___ DATA RECORDS ___

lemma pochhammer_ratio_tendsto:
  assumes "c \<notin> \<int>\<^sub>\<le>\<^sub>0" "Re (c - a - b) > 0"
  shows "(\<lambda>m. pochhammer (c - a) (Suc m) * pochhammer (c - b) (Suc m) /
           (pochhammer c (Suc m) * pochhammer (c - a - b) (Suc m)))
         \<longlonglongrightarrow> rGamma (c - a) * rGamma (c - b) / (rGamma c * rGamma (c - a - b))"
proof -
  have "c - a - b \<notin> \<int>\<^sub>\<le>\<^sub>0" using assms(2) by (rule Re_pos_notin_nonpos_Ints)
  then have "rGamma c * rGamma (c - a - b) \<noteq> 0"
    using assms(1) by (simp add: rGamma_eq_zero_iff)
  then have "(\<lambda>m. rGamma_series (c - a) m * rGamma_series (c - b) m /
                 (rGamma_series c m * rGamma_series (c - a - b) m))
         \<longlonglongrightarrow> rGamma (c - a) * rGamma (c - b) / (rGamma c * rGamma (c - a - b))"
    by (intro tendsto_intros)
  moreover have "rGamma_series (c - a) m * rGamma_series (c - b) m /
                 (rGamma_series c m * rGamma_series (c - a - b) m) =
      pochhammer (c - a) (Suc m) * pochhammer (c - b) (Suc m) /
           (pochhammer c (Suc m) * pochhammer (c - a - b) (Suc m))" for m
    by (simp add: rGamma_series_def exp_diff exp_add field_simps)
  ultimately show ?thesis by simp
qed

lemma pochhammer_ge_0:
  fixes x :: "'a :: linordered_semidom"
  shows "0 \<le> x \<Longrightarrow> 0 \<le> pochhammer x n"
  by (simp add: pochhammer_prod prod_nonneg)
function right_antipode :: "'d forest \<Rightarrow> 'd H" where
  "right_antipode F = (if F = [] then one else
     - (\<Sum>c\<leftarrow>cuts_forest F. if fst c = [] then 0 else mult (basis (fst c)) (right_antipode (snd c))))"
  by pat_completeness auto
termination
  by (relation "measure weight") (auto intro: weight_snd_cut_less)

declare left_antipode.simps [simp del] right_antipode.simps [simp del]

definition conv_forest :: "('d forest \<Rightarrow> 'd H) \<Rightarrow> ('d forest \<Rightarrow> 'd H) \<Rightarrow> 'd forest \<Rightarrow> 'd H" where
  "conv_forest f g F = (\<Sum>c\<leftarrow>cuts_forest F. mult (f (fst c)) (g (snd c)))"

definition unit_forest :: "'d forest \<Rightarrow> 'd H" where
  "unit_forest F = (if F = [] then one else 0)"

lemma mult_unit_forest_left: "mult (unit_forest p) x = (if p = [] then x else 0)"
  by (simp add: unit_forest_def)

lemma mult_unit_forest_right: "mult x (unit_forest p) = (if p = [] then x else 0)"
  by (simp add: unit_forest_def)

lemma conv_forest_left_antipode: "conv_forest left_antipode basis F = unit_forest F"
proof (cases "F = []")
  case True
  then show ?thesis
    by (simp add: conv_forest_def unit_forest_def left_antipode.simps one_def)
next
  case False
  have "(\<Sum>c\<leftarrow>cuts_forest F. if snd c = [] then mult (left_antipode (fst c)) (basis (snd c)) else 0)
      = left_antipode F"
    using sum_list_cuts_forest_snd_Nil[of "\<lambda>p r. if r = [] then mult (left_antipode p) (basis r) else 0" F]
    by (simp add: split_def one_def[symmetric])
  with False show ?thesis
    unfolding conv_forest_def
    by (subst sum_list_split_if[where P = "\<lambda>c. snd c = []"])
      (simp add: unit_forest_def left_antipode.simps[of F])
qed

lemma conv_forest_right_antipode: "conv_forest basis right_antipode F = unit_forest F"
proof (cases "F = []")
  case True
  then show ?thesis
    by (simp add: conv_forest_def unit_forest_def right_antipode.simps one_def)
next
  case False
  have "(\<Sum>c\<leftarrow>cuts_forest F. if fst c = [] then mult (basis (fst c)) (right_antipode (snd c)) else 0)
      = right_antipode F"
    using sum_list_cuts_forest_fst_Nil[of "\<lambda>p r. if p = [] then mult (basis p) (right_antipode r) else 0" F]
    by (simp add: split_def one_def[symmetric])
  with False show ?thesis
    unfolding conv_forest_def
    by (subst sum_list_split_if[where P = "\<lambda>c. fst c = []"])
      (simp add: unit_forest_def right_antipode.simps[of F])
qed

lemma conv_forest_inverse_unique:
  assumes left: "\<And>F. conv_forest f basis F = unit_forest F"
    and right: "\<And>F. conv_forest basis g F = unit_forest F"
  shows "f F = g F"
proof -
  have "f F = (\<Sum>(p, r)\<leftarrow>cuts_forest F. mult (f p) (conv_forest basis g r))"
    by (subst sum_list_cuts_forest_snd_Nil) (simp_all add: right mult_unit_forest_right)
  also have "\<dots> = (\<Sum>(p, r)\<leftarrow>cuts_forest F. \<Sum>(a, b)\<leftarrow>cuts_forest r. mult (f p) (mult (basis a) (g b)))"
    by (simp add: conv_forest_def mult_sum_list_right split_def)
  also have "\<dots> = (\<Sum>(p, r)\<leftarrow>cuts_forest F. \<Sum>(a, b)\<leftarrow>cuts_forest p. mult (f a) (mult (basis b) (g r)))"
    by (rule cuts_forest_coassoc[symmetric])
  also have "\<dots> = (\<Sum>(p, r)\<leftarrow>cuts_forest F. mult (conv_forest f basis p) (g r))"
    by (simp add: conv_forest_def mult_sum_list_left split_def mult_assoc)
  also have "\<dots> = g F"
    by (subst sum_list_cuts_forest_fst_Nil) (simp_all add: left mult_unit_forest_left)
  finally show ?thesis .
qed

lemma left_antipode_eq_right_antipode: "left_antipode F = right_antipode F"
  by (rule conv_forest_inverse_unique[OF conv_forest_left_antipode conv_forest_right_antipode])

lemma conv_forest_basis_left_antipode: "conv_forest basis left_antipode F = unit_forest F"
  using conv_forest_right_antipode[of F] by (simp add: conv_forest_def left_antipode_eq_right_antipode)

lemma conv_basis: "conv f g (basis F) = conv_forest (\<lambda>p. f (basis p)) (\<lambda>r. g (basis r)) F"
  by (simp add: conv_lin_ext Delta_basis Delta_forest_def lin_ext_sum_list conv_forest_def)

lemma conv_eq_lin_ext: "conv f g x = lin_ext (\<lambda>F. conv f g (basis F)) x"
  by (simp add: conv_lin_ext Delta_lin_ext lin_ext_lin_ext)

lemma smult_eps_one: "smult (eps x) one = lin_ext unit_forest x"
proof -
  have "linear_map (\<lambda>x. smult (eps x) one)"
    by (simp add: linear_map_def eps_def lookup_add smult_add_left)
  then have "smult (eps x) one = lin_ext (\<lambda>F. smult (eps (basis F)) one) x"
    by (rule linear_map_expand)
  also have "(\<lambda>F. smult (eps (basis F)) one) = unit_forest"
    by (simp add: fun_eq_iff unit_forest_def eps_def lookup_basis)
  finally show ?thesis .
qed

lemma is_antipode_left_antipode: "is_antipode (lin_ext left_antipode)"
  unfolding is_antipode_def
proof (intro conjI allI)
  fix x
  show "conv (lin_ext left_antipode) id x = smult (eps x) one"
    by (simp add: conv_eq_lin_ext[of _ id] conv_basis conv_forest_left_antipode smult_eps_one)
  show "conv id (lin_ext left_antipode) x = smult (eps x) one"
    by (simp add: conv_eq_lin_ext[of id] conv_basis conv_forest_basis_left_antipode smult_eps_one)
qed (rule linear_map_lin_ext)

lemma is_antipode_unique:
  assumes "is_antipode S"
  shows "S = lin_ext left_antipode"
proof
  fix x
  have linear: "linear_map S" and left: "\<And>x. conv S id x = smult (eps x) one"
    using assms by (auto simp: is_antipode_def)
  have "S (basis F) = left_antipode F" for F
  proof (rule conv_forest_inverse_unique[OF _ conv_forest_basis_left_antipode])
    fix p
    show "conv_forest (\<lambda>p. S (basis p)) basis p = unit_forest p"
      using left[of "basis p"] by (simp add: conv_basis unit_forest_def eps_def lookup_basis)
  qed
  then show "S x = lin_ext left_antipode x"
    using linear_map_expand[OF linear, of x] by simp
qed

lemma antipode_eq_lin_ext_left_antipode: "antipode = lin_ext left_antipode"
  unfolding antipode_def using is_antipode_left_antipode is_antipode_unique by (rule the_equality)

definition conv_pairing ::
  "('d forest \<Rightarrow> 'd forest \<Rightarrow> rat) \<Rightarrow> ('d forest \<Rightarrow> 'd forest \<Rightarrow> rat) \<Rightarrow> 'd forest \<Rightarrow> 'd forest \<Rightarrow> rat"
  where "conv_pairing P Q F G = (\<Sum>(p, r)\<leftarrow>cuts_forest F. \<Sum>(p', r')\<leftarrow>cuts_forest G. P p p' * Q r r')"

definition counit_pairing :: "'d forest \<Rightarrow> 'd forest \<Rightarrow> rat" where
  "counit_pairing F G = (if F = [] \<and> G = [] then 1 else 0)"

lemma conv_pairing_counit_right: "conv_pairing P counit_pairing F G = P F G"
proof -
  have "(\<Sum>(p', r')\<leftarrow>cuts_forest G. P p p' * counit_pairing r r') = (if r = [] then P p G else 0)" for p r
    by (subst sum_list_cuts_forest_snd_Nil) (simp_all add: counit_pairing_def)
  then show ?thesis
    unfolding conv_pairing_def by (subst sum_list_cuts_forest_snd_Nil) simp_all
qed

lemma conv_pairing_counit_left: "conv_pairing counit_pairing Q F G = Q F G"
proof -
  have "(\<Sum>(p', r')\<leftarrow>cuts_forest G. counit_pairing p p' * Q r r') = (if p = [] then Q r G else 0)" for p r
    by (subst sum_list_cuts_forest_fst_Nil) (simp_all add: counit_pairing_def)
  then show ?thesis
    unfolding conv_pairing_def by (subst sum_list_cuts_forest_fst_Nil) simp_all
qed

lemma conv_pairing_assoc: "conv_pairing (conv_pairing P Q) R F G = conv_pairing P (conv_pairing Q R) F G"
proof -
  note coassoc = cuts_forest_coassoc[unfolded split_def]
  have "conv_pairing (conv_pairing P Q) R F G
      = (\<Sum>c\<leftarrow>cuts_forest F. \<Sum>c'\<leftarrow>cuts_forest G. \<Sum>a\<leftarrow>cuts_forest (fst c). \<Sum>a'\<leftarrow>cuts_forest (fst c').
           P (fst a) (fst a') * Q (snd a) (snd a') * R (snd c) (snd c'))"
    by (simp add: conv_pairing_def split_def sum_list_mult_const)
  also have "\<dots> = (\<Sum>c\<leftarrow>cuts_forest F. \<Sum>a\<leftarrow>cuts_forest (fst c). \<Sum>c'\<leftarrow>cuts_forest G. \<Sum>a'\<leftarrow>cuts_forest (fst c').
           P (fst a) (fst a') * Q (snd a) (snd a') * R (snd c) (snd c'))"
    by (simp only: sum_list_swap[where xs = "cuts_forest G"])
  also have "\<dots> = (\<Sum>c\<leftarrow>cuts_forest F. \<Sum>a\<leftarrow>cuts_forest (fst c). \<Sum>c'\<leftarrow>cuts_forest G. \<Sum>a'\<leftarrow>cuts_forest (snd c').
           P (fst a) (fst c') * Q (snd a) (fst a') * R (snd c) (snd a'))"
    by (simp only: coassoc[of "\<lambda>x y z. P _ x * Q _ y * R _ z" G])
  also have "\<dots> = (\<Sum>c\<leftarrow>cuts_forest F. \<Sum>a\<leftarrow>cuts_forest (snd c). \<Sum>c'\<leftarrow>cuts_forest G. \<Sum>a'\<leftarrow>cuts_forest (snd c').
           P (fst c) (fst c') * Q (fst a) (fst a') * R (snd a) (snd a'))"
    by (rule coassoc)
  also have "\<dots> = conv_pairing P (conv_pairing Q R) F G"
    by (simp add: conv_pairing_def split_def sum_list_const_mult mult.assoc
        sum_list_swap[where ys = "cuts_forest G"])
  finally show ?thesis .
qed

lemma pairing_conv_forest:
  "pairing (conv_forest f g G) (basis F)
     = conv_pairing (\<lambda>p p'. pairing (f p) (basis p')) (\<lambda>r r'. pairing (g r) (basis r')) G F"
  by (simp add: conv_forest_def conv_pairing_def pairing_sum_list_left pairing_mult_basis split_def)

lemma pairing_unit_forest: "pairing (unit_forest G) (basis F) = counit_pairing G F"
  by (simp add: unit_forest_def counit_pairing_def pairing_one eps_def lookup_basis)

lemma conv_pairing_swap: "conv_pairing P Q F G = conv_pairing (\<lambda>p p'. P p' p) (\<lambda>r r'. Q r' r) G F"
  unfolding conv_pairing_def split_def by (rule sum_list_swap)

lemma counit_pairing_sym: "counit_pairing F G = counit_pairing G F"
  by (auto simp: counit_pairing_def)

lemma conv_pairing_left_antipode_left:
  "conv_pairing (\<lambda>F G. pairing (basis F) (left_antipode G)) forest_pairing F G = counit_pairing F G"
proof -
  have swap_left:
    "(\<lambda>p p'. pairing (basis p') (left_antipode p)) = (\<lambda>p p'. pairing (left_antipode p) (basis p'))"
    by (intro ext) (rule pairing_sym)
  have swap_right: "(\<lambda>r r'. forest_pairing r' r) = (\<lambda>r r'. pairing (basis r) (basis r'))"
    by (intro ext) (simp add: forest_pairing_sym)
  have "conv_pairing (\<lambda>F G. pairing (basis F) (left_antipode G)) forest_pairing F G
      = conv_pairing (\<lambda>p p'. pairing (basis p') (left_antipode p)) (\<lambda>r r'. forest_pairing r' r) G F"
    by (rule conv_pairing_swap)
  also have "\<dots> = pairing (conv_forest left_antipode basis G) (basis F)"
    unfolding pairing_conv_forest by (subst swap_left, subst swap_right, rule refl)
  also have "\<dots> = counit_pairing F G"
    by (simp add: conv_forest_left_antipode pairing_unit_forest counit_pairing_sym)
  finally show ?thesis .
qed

___

▶ **WHAT THE TASK ASKS**:
From the entries above, give again exactly the lines running from the line with "note coassoc = cuts_forest_coassoc[unfolded" to the line with "by (simp add: conv_pairing_def split_def sum_list_mult_const)"; include both of those lines.

▶ **OUTPUT OF THE EXERCISE**:
  note coassoc = cuts_forest_coassoc[unfolded split_def]
  have "conv_pairing (conv_pairing P Q) R F G
      = (\<Sum>c\<leftarrow>cuts_forest F. \<Sum>c'\<leftarrow>cuts_forest G. \<Sum>a\<leftarrow>cuts_forest (fst c). \<Sum>a'\<leftarrow>cuts_forest (fst c').
           P (fst a) (fst a') * Q (snd a) (snd a') * R (snd c) (snd c'))"
    by (simp add: conv_pairing_def split_def sum_list_mult_const)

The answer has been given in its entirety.